**DATA FOR REVIEW**

text \<open>The invariant \<open>l ^ 2 ^ n * mu = lam * mu ^ 2 ^ n\<close> is the closed form of
  \<open>l (n+1)^2 = l n * mu\<close>.\<close>
lemma optimal_F_seq_imp_scaled:
  assumes "lam \<noteq> 0" "mu \<noteq> 0"
    and opt: "optimal_F_seq (lam * A 0^2) (lam * B 0^2) (mu * C 0^2) (mu * D 0^2) x y z t"
  shows "\<exists>l. l \<noteq> 0 \<and> l ^ 2 ^ n * mu = lam * mu ^ 2 ^ n \<and>
    x n = l * A n^2 \<and> y n = l * B n^2 \<and> z n = mu * C n^2 \<and> t n = mu * D n^2"
proof (induction n)
  case 0
  then show ?case
    using opt assms(1) by (auto simp: optimal_F_seq_def)
next
  case (Suc n)
  then obtain l where l: "l \<noteq> 0" "l ^ 2 ^ n * mu = lam * mu ^ 2 ^ n" "x n = l * A n^2"
    "y n = l * B n^2" "z n = mu * C n^2" "t n = mu * D n^2"
    by blast
  from opt obtain a b c d where step: "good_roots (x n) (y n) a b" "good_roots (z n) (t n) c d"
    "x (Suc n) = (a * c + b * d) / 2" "y (Suc n) = (a * d + b * c) / 2"
    "z (Suc n) = (z n + t n) / 2" "t (Suc n) = c * d"
    unfolding optimal_F_seq_def by blast
  obtain s where s: "s^2 = l" "a = s * A n" "b = s * B n"
    using good_roots_of_scaled_squares[OF _ AB_good l(1)] step(1) l(3,4) by metis
  obtain r where r: "r^2 = mu" "c = r * C n" "d = r * D n"
    using good_roots_of_scaled_squares[OF _ CD_good assms(2)] step(2) l(5,6) by metis
  have "(s * r) ^ 2 ^ Suc n = (s^2 * r^2) ^ 2 ^ n"
    by (simp add: power_mult power_mult_distrib)
  then have "(s * r) ^ 2 ^ Suc n * mu = (l * mu) ^ 2 ^ n * mu"
    by (simp add: s(1) r(1))
  also have "\<dots> = lam * mu ^ 2 ^ Suc n"
    using l(2) by (simp add: power_mult_distrib power_mult power2_eq_square algebra_simps)
  finally have "(s * r) ^ 2 ^ Suc n * mu = lam * mu ^ 2 ^ Suc n" .
  moreover have "s * r \<noteq> 0"
    using s(1) r(1) l(1) assms(2) by auto
  moreover have "x (Suc n) = s * r * A (Suc n)^2" "y (Suc n) = s * r * B (Suc n)^2"
    "z (Suc n) = mu * C (Suc n)^2"
    using step(3-5) l(5,6) s(2,3) r(2,3) by (simp_all add: A_Suc B_Suc C_Suc algebra_simps)
  moreover have "t (Suc n) = mu * D (Suc n)^2"
  proof -
    have "t (Suc n) = r^2 * (C n * D n)"
      using step(6) r(2,3) by (simp add: power2_eq_square mult_ac)
    then show ?thesis
      by (simp add: r(1) D_Suc)
  qed
  ultimately show ?case
    by blast
qed
lemma degree_eq_0_if_poly_times_ln_poly:
  fixes p q :: "real poly"
  assumes pos: "\<And>x. poly p x > 0" and eq: "\<And>x. poly p x * ln (poly p x) = poly q x"
  shows "degree p = 0"
proof (rule ccontr)
  assume deg: "degree p \<noteq> 0"
  then have "p \<noteq> 0" by auto
  have quotient: "poly q x / poly p x = ln (poly p x)" for x
    using eq[of x] pos[of x] by (auto simp: field_simps)
  have "filterlim (poly p) at_infinity at_top"
    using filterlim_poly_at_infinity[of p] deg filterlim_mono at_top_le_at_infinity by blast
  from filterlim_at_infinity_imp_norm_at_top[OF this] have "filterlim (poly p) at_top at_top"
    using pos by (simp add: abs_of_pos)
  with ln_at_top have ln_at_top: "filterlim (\<lambda>x. ln (poly p x)) at_top at_top"
    by (rule filterlim_compose)
  have ln_sublinear: "((\<lambda>x. ln (poly p x) / x) \<longlongrightarrow> 0) at_top"
  proof -
    have lim: "((\<lambda>x. poly p x / x ^ degree p) \<longlongrightarrow> lead_coeff p) at_top"
      using poly_divide_tendsto_aux[of p] tendsto_mono at_top_le_at_infinity by blast
    have "lead_coeff p \<ge> 0"
      by (rule tendsto_lowerbound[OF lim])
        (use pos in \<open>auto intro!: eventually_at_top_linorderI[of 1] less_imp_le divide_pos_pos\<close>)
    with \<open>p \<noteq> 0\<close> have "lead_coeff p > 0" by (simp add: order_less_le)
    with lim have "((\<lambda>x. ln (poly p x / x ^ degree p) / x + real (degree p) * (ln x / x))
                     \<longlongrightarrow> 0 + real (degree p) * 0) at_top"
      by (intro tendsto_intros tendsto_divide_0[of _ "ln (lead_coeff p)"] ln_x_over_x_tendsto_0
          filterlim_at_top_imp_at_infinity filterlim_ident) auto
    moreover have "eventually (\<lambda>x. ln (poly p x / x ^ degree p) / x + real (degree p) * (ln x / x)
                                 = ln (poly p x) / x) at_top"
      using eventually_gt_at_top[of 0]
    proof eventually_elim
      case (elim x)
      with pos[of x] show ?case by (simp add: ln_div ln_realpow diff_divide_distrib)
    qed
    ultimately show ?thesis by (simp add: tendsto_cong)
  qed
  show False
  proof (cases "degree q \<le> degree p")
    case True
    then have "((\<lambda>x. ln (poly p x)) \<longlongrightarrow> coeff q (degree p) / lead_coeff p) at_top"
      using poly_quotient_tendsto_at_infinity[of q p] \<open>p \<noteq> 0\<close> tendsto_mono at_top_le_at_infinity
      by (simp add: quotient)
    then show False
      using ln_at_top not_tendsto_and_filterlim_at_infinity filterlim_at_top_imp_at_infinity
      by (metis trivial_limit_at_top_linorder)
  next
    case False
    define b where "b = p * [:0, 1:]"
    have "degree b \<le> degree q" and "q \<noteq> 0"
      using False \<open>p \<noteq> 0\<close> by (auto simp: b_def degree_mult_eq)
    then have "((\<lambda>x. x / ln (poly p x)) \<longlongrightarrow> coeff b (degree q) / lead_coeff q) at_top"
      using poly_quotient_tendsto_at_infinity[of b q] tendsto_mono at_top_le_at_infinity
      by (simp add: b_def flip: quotient)
    moreover have "filterlim (\<lambda>x. x / ln (poly p x)) at_top at_top"
    proof -
      have "eventually (\<lambda>x. 0 < ln (poly p x) / x) at_top"
        using eventually_gt_at_top[of 0] ln_at_top[unfolded filterlim_at_top_dense, rule_format, of 0]
        by eventually_elim simp
      from filterlim_inverse_at_top[OF ln_sublinear this] show ?thesis by simp
    qed
    ultimately show False
      using not_tendsto_and_filterlim_at_infinity filterlim_at_top_imp_at_infinity
      by (metis trivial_limit_at_top_linorder)
  qed
qed
lemma dual_map_Hfeas:
  assumes F: "free_set n F" and F': "free_set m F'" and \<rho>: "density n \<rho>" and \<rho>': "density m \<rho>'"
    and E: "E \<in> free_ops n m F F'" and E\<rho>: "E \<rho> = complex_of_real p \<cdot>\<^sub>m \<rho>'"
  shows "Hfeas n F \<rho> (einv (ereal (VF m F' \<rho>'))) (dual_map n E (supp_proj m \<rho>')) (dual_map n E (1\<^sub>m m))"
    and "hs (dual_map n E (supp_proj m \<rho>')) \<rho> = complex_of_real p"
proof -
  let ?P = "supp_proj m \<rho>'"
  let ?W = "dual_map n E ?P" and ?Z = "dual_map n E (1\<^sub>m m)"
  have c: "\<rho> \<in> carrier_mat n n" "\<rho>' \<in> carrier_mat m m" using density_carrier \<rho> \<rho>' by auto
  have proj: "is_supp_proj m \<rho>' ?P" by (rule is_supp_proj_supp_proj[OF c(2)])
  have P: "?P \<in> carrier_mat m m" using proj unfolding is_supp_proj_def by blast
  have cptni: "CPTNI n m E" and image: "\<forall>\<sigma>\<in>F. subnormalised_free F' (E \<sigma>)"
    using E unfolding free_ops_iff by auto
  have lin: "lin_map n m E" using cptni by (simp add: CPTNI_def)
  have "hs ?P \<rho>' = 1" using \<rho>' by (simp add: hs_def is_supp_proj_mult[OF proj c(2)] density_def)
  then show hsW: "hs ?W \<rho> = complex_of_real p"
    using hs_dual_map_smult(1)[OF lin c(1) \<rho>' E\<rho> P] by simp
  have "?Z - ?W = dual_map n E (1\<^sub>m m - ?P)"
    by (rule dual_map_diff[symmetric, OF lin one_carrier_mat P])
  then have psds: "psd n ?W" "psd n (?Z - ?W)" "psd n (1\<^sub>m n - ?Z)"
    using dual_map_psd[OF cptni] is_supp_proj_psd[OF proj] is_supp_proj_compl_psd[OF proj]
      dual_map_one_compl_psd[OF cptni] by auto
  have "ereal (Re (hs ?W \<sigma>)) \<le> einv (einv (ereal (VF m F' \<rho>'))) * ereal (Re (hs ?Z \<sigma>))"
    if \<sigma>: "\<sigma> \<in> F" for \<sigma>
  proof -
    obtain \<sigma>' q where \<sigma>': "\<sigma>' \<in> F'" and q: "0 \<le> q" "q \<le> 1" and E\<sigma>: "E \<sigma> = complex_of_real q \<cdot>\<^sub>m \<sigma>'"
      using image \<sigma> unfolding subnormalised_free_def by blast
    note hs_\<sigma> = hs_dual_map_smult[OF lin density_carrier[OF free_set_density[OF F \<sigma>]]
        free_set_density[OF F' \<sigma>'] E\<sigma>]
    show ?thesis
      using einv_einv_bound[OF q(1) hs_supp_proj_bounds[OF F' \<rho>' \<sigma>']] hs_\<sigma>(1)[OF P] hs_\<sigma>(2) by simp
  qed
  then show "Hfeas n F \<rho> (einv (ereal (VF m F' \<rho>'))) ?W ?Z"
    using HfeasI[OF psds dual_map_carrier] hsW hs_dual_map_smult(2)[OF lin c(1) \<rho>' E\<rho>] by simp
qed

lemma free_op_le_Hval:
  assumes F: "free_set n F" and F': "free_set m F'" and \<rho>: "density n \<rho>" and \<rho>': "density m \<rho>'"
    and E: "E \<in> free_ops n m F F'" and E\<rho>: "E \<rho> = complex_of_real p \<cdot>\<^sub>m \<rho>'"
  shows "p \<le> Hval n F \<rho> (einv (ereal (VF m F' \<rho>')))"
proof -
  have "hs \<rho> (dual_map n E (supp_proj m \<rho>')) = complex_of_real p"
    using dual_map_Hfeas(2)[OF assms] hs_comm[OF density_carrier[OF \<rho>] dual_map_carrier] by simp
  then show ?thesis using le_Hval[OF \<rho> dual_map_Hfeas(1)[OF assms]] by simp
qed

lemma meas_prep_apply_density:
  assumes W: "psd n W" and ZW: "psd n (Z - W)" and ZI: "psd n (1\<^sub>m n - Z)" and Z: "Z \<in> carrier_mat n n"
    and \<sigma>: "density n \<sigma>" and S: "S \<in> carrier_mat m m" and T: "T \<in> carrier_mat m m"
  obtains a b where "0 \<le> a" "0 \<le> b" "a + b \<le> 1" "Re (hs W \<sigma>) = a" "Re (hs Z \<sigma>) = a + b"
    "meas_prep W S (Z - W) T \<sigma> = complex_of_real a \<cdot>\<^sub>m S + complex_of_real b \<cdot>\<^sub>m T"
proof
  let ?a = "Re (hs W \<sigma>)" and ?b = "Re (hs (Z - W) \<sigma>)"
  have p\<sigma>: "psd n \<sigma>" and c\<sigma>: "\<sigma> \<in> carrier_mat n n" using density_psd density_carrier \<sigma> by auto
  show "0 \<le> ?a" "0 \<le> ?b"
    using hs_psd_nonneg[OF W p\<sigma>] hs_psd_nonneg[OF ZW p\<sigma>] by (auto simp: less_eq_complex_def)
  show sum: "Re (hs Z \<sigma>) = ?a + ?b"
    using hs_diff_left[OF Z psd_carrier[OF W] c\<sigma>] by simp
  then show "?a + ?b \<le> 1" using hs_density_le_one[OF Z ZI \<sigma>] by simp
  show "meas_prep W S (Z - W) T \<sigma> = complex_of_real ?a \<cdot>\<^sub>m S + complex_of_real ?b \<cdot>\<^sub>m T"
    unfolding meas_prep_def using hs_psd_real[OF W p\<sigma>] hs_psd_real[OF ZW p\<sigma>] by simp
qed simp

lemma smult_mixture_eq:
  assumes c: "\<sigma> \<in> carrier_mat m m" "\<tau> \<in> carrier_mat m m" and pt: "p * t = a * R" and p: "p = a + b"
  shows "complex_of_real a \<cdot>\<^sub>m (complex_of_real R \<cdot>\<^sub>m \<sigma> - complex_of_real (R - 1) \<cdot>\<^sub>m \<tau>) + complex_of_real b \<cdot>\<^sub>m \<tau>
    = complex_of_real p \<cdot>\<^sub>m (complex_of_real t \<cdot>\<^sub>m \<sigma> + complex_of_real (1 - t) \<cdot>\<^sub>m \<tau>)"
proof -
  have entry: "complex_of_real a * (complex_of_real R * x - complex_of_real (R - 1) * y) + complex_of_real b * y
      = complex_of_real p * (complex_of_real t * x + complex_of_real (1 - t) * y)" for x y
  proof -
    have "complex_of_real a * (complex_of_real R * x - complex_of_real (R - 1) * y) + complex_of_real b * y
        = complex_of_real (a * R) * x + complex_of_real (a + b - a * R) * y"
      by (simp add: algebra_simps)
    also have "\<dots> = complex_of_real (p * t) * x + complex_of_real (p * (1 - t)) * y"
      using pt unfolding p by (simp add: algebra_simps)
    also have "\<dots> = complex_of_real p * (complex_of_real t * x + complex_of_real (1 - t) * y)"
      by (simp add: algebra_simps)
    finally show ?thesis .
  qed
  show ?thesis by (intro eq_matI) (use c in \<open>auto simp: entry simp del: of_real_diff\<close>)
qed

text \<open>The convex mixture behind the lower bound: if \<open>\<rho>' = R \<sigma>\<^sub>0 - (R - 1) \<tau>\<close>, then
  \<open>a \<rho>' + b \<tau> = (a + b) (t \<sigma>\<^sub>0 + (1 - t) \<tau>)\<close> with \<open>t = a R / (a + b) \<in> [0,1]\<close>
  (and \<open>t = 0\<close> when \<open>a + b = 0\<close>, by the convention \<open>x / 0 = 0\<close>).\<close>

lemma subnormalised_free_mixture:
  assumes F': "free_set m F'" and \<sigma>\<^sub>0: "\<sigma>\<^sub>0 \<in> F'" and \<tau>: "\<tau> \<in> F'"
    and R: "1 \<le> R" and \<rho>': "\<rho>' = complex_of_real R \<cdot>\<^sub>m \<sigma>\<^sub>0 - complex_of_real (R - 1) \<cdot>\<^sub>m \<tau>"
    and ab: "0 \<le> a" "0 \<le> b" "a + b \<le> 1" "a * R \<le> a + b"
  shows "subnormalised_free F' (complex_of_real a \<cdot>\<^sub>m \<rho>' + complex_of_real b \<cdot>\<^sub>m \<tau>)"
proof -
  define p where "p = a + b"
  define t where "t = a * R / p"
  have p: "0 \<le> p" "p \<le> 1" using ab unfolding p_def by auto
  have pt: "p * t = a * R" using ab unfolding t_def p_def by (cases "a + b = 0") auto
  have t: "0 \<le> t" "t \<le> 1" using ab R unfolding t_def p_def by (auto simp: divide_le_eq_1)
  have mem: "complex_of_real t \<cdot>\<^sub>m \<sigma>\<^sub>0 + complex_of_real (1 - t) \<cdot>\<^sub>m \<tau> \<in> F'"
    using F' \<sigma>\<^sub>0 \<tau> t unfolding free_set_def mat_convex_def by blast
  have c: "\<sigma>\<^sub>0 \<in> carrier_mat m m" "\<tau> \<in> carrier_mat m m"
    using density_carrier[OF free_set_density[OF F']] \<sigma>\<^sub>0 \<tau> by auto
  show ?thesis
    unfolding \<rho>' smult_mixture_eq[OF c pt p_def] by (rule subnormalised_free_smult[OF mem p])
qed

**WHAT IS REQUIRED**
Here the output must be the lines above from the line with "using image \<sigma>" to the line with "m \<rho>')) = complex_of_real", both included, duplicated word for word and nothing else.

**WRITTEN REPLY**
      using image \<sigma> unfolding subnormalised_free_def by blast
    note hs_\<sigma> = hs_dual_map_smult[OF lin density_carrier[OF free_set_density[OF F \<sigma>]]
        free_set_density[OF F' \<sigma>'] E\<sigma>]
    show ?thesis
      using einv_einv_bound[OF q(1) hs_supp_proj_bounds[OF F' \<rho>' \<sigma>']] hs_\<sigma>(1)[OF P] hs_\<sigma>(2) by simp
  qed
  then show "Hfeas n F \<rho> (einv (ereal (VF m F' \<rho>'))) ?W ?Z"
    using HfeasI[OF psds dual_map_carrier] hsW hs_dual_map_smult(2)[OF lin c(1) \<rho>' E\<rho>] by simp
qed

lemma free_op_le_Hval:
  assumes F: "free_set n F" and F': "free_set m F'" and \<rho>: "density n \<rho>" and \<rho>': "density m \<rho>'"
    and E: "E \<in> free_ops n m F F'" and E\<rho>: "E \<rho> = complex_of_real p \<cdot>\<^sub>m \<rho>'"
  shows "p \<le> Hval n F \<rho> (einv (ereal (VF m F' \<rho>')))"
proof -
  have "hs \<rho> (dual_map n E (supp_proj m \<rho>')) = complex_of_real p"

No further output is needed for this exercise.